We saw several pine trees that had some very distinct bark. Could they have been ‘Jack pine’?
Well we hit the sweet spot as far as the weather that afternoon – it clouded up on our way out. Temperatures were maybe 50 – 55 degrees. Was a nice short little hike that maybe lasted an hour or so. I’m glad my fishing buddy knows his way around the area woods and we got to share some time out walking through them.
Not sure if I’ll get out fishing anymore this year. Will be packing things up here and shutting the cabin down at the conclusion of this trip. I’m already looking forward to the end of March.
Till we see each other again, live and reporting from Slate Run, I’m an Unintentional Blogger …. aka UB.
2 thoughts on “High Water Homestead Hike!”
Some interesting photos here, UB, of changes in the flow on Pine & of light reflected from the trail.

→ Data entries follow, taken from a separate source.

lemma card_le_ordered_cover:
  fixes D :: "nat set"
  assumes "finite D" "\<And>e f. e \<in> D \<Longrightarrow> f \<in> D \<Longrightarrow> e < f \<Longrightarrow> e \<in> A \<or> f \<in> B"
  shows "card D \<le> card (D \<inter> A) + card (D \<inter> B) + 1"
proof (cases "D \<subseteq> A")
  case True
  then show ?thesis by (simp add: Int_absorb2)
next
  case False
  define e0 where "e0 = Min (D - A)"
  have e0: "e0 \<in> D - A" using False assms(1) unfolding e0_def by (intro Min_in) auto
  have "D \<subseteq> insert e0 ((D \<inter> A) \<union> (D \<inter> B))"
  proof
    fix d assume d: "d \<in> D"
    have "e0 \<le> d" if "d \<notin> A" using d that assms(1) unfolding e0_def by (intro Min_le) auto
    then show "d \<in> insert e0 ((D \<inter> A) \<union> (D \<inter> B))"
      using assms(2)[of e0 d] e0 d by fastforce
  qed
  then have "card D \<le> card (insert e0 ((D \<inter> A) \<union> (D \<inter> B)))"
    using assms(1) by (intro card_mono) auto
  also have "\<dots> \<le> card ((D \<inter> A) \<union> (D \<inter> B)) + 1" by (simp add: card_insert_le_m1 card_insert_if)
  also have "\<dots> \<le> card (D \<inter> A) + card (D \<inter> B) + 1" using card_Un_le by simp
  finally show ?thesis .
qed

lemma card_le_ordered_cover_split:
  fixes D :: "nat set"
  assumes "finite D"
    and "\<And>e f. e \<in> D \<Longrightarrow> f \<in> D \<Longrightarrow> e < f \<Longrightarrow> (f \<le> t \<or> t < e) \<Longrightarrow> e \<in> A \<or> f \<in> B"
  shows "card D \<le> card (D \<inter> A) + card (D \<inter> B) + 2"
proof -
  define D1 where "D1 = {e \<in> D. e \<le> t}"
  define D2 where "D2 = {e \<in> D. t < e}"
  have fin: "finite D1" "finite D2" using assms(1) by (auto simp: D1_def D2_def)
  have card_split: "card (D \<inter> X) = card (D1 \<inter> X) + card (D2 \<inter> X)" for X
  proof -
    have "D \<inter> X = (D1 \<inter> X) \<union> (D2 \<inter> X)" "(D1 \<inter> X) \<inter> (D2 \<inter> X) = {}"
      by (auto simp: D1_def D2_def)
    then show ?thesis using fin by (simp add: card_Un_disjoint)
  qed
  from card_split[of UNIV] have "card D = card D1 + card D2" by simp
  moreover have "card D1 \<le> card (D1 \<inter> A) + card (D1 \<inter> B) + 1"
    by (rule card_le_ordered_cover[OF fin(1)]) (use assms(2) in \<open>auto simp: D1_def\<close>)
  moreover have "card D2 \<le> card (D2 \<inter> A) + card (D2 \<inter> B) + 1"
    by (rule card_le_ordered_cover[OF fin(2)]) (use assms(2) in \<open>auto simp: D2_def\<close>)
  ultimately show ?thesis using card_split[of A] card_split[of B] by linarith
qed

lemma card_even_below: "card {i. Suc i < L \<and> i mod 2 \<noteq> (1::nat)} = L div 2"
proof -
  have "{i. Suc i < L \<and> i mod 2 \<noteq> (1::nat)} = (\<lambda>j. 2 * j) ` {..< L div 2}"
    by (auto simp: image_def)
  then show ?thesis by (simp add: card_image inj_on_def)
qed

lemma card_odd_below: "card {i. Suc i < L \<and> i mod 2 \<noteq> (0::nat)} = (L - 1) div 2"
proof -
  have "{i. Suc i < L \<and> i mod 2 \<noteq> (0::nat)} = (\<lambda>j. 2 * j + 1) ` {..< (L - 1) div 2}"
  proof (intro set_eqI iffI)
    fix x assume "x \<in> {i. Suc i < L \<and> i mod 2 \<noteq> 0}"
    then have "x = 2 * (x div 2) + 1" "x div 2 < (L - 1) div 2" by auto presburger+
    then show "x \<in> (\<lambda>j. 2 * j + 1) ` {..< (L - 1) div 2}" by blast
  qed auto
  then show ?thesis by (simp add: card_image inj_on_def)
qed

lemma finite_components: "finite W \<Longrightarrow> finite (components W E)"
  by (rule finite_subset[of _ "Pow W"]) (auto simp: components_def)

lemma two_components_if_unreachable:
  assumes "finite W" "u \<in> W" "v \<in> W" "\<not> (restr E W)\<^sup>*\<^sup>* u v"
  shows "2 \<le> card (components W E)"
proof -
  let ?Cu = "{y \<in> W. (restr E W)\<^sup>*\<^sup>* u y}" and ?Cv = "{y \<in> W. (restr E W)\<^sup>*\<^sup>* v y}"
  have "?Cu \<noteq> ?Cv" using assms by auto
  moreover have "{?Cu, ?Cv} \<subseteq> components W E" using assms by (auto simp: components_def)
  then have "card {?Cu, ?Cv} \<le> card (components W E)"
    by (intro card_mono finite_components[OF assms(1)])
  ultimately show ?thesis by simp
qed

lemma card_components_indep:
  assumes "indep E W" shows "card (components W E) = card W"
proof -
  have "(restr E W)\<^sup>*\<^sup>* x y \<Longrightarrow> x = y" for x y
    by (induction rule: rtranclp_induct) (use assms in \<open>auto simp: restr_def indep_def\<close>)
  then have "{y \<in> W. (restr E W)\<^sup>*\<^sup>* x y} = {x}" if "x \<in> W" for x
    using that by auto
  then have "components W E = (\<lambda>x. {x}) ` W"
    unfolding components_def by auto
  then show ?thesis by (simp add: card_image)
qed

lemma not_complete_if_two_components:
  assumes "2 \<le> num_components V E S" shows "\<not> complete_graph V E"
proof
  assume complete: "complete_graph V E"
  have "components (V - S) E \<subseteq> {V - S}"
  proof
    fix C assume "C \<in> components (V - S) E"
    then obtain x where x: "x \<in> V - S" "C = {y \<in> V - S. (restr E (V - S))\<^sup>*\<^sup>* x y}"
      by (auto simp: components_def)
    have "(restr E (V - S))\<^sup>*\<^sup>* x y" if "y \<in> V - S" for y
      using complete x that by (cases "x = y") (auto simp: complete_graph_def restr_def)
    then show "C \<in> {V - S}" using x by auto
  qed
  then have "card (components (V - S) E) \<le> 1" using card_mono[of "{V - S}"] by fastforce
  then show False using assms by (simp add: num_components_def)
qed

lemma num_components_le_card_if_tough:
  assumes "ereal (real k) \<le> toughness V E" "S \<subseteq> V" "2 \<le> num_components V E S"
  shows "k * num_components V E S \<le> card S"
proof -
  let ?c = "num_components V E S"
  have "toughness V E \<le> ereal (real (card S) / real ?c)"
    using assms(2,3) not_complete_if_two_components[OF assms(3)]
    unfolding toughness_def by (auto intro: Inf_lower)
  with assms(1) have "ereal (real k) \<le> ereal (real (card S) / real ?c)" by (rule order_trans)
  then have "real k \<le> real (card S) / real ?c" by simp
  moreover have "real ?c > 0" using assms(3) by auto
  ultimately have "real k * real ?c \<le> real (card S)" by (simp add: field_simps)
  then show ?thesis by (simp only: of_nat_mult[symmetric] of_nat_le_iff)
qed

I’m glad you made good use of the weather before some dramatic change ensued.
Speaking of dramatic change its snowing like a son of a gun here right now. If I knew how to (or if this is even capable of doing it – the website) I’d send a picture now! It’s only been about 15 minutes and while the grass is still poking through the snow on the ground – it has a really good start to covering it. Ha! I only saw a couple of flakes when I stopped working outside. I’m done now! But to the topic of the hiking day – we hit the window of opportunity pretty well and I’m glad I got to see that well again. I can only imagine how hard it was to live there back in the day. They were some tough people! Thanks for commenting RTR!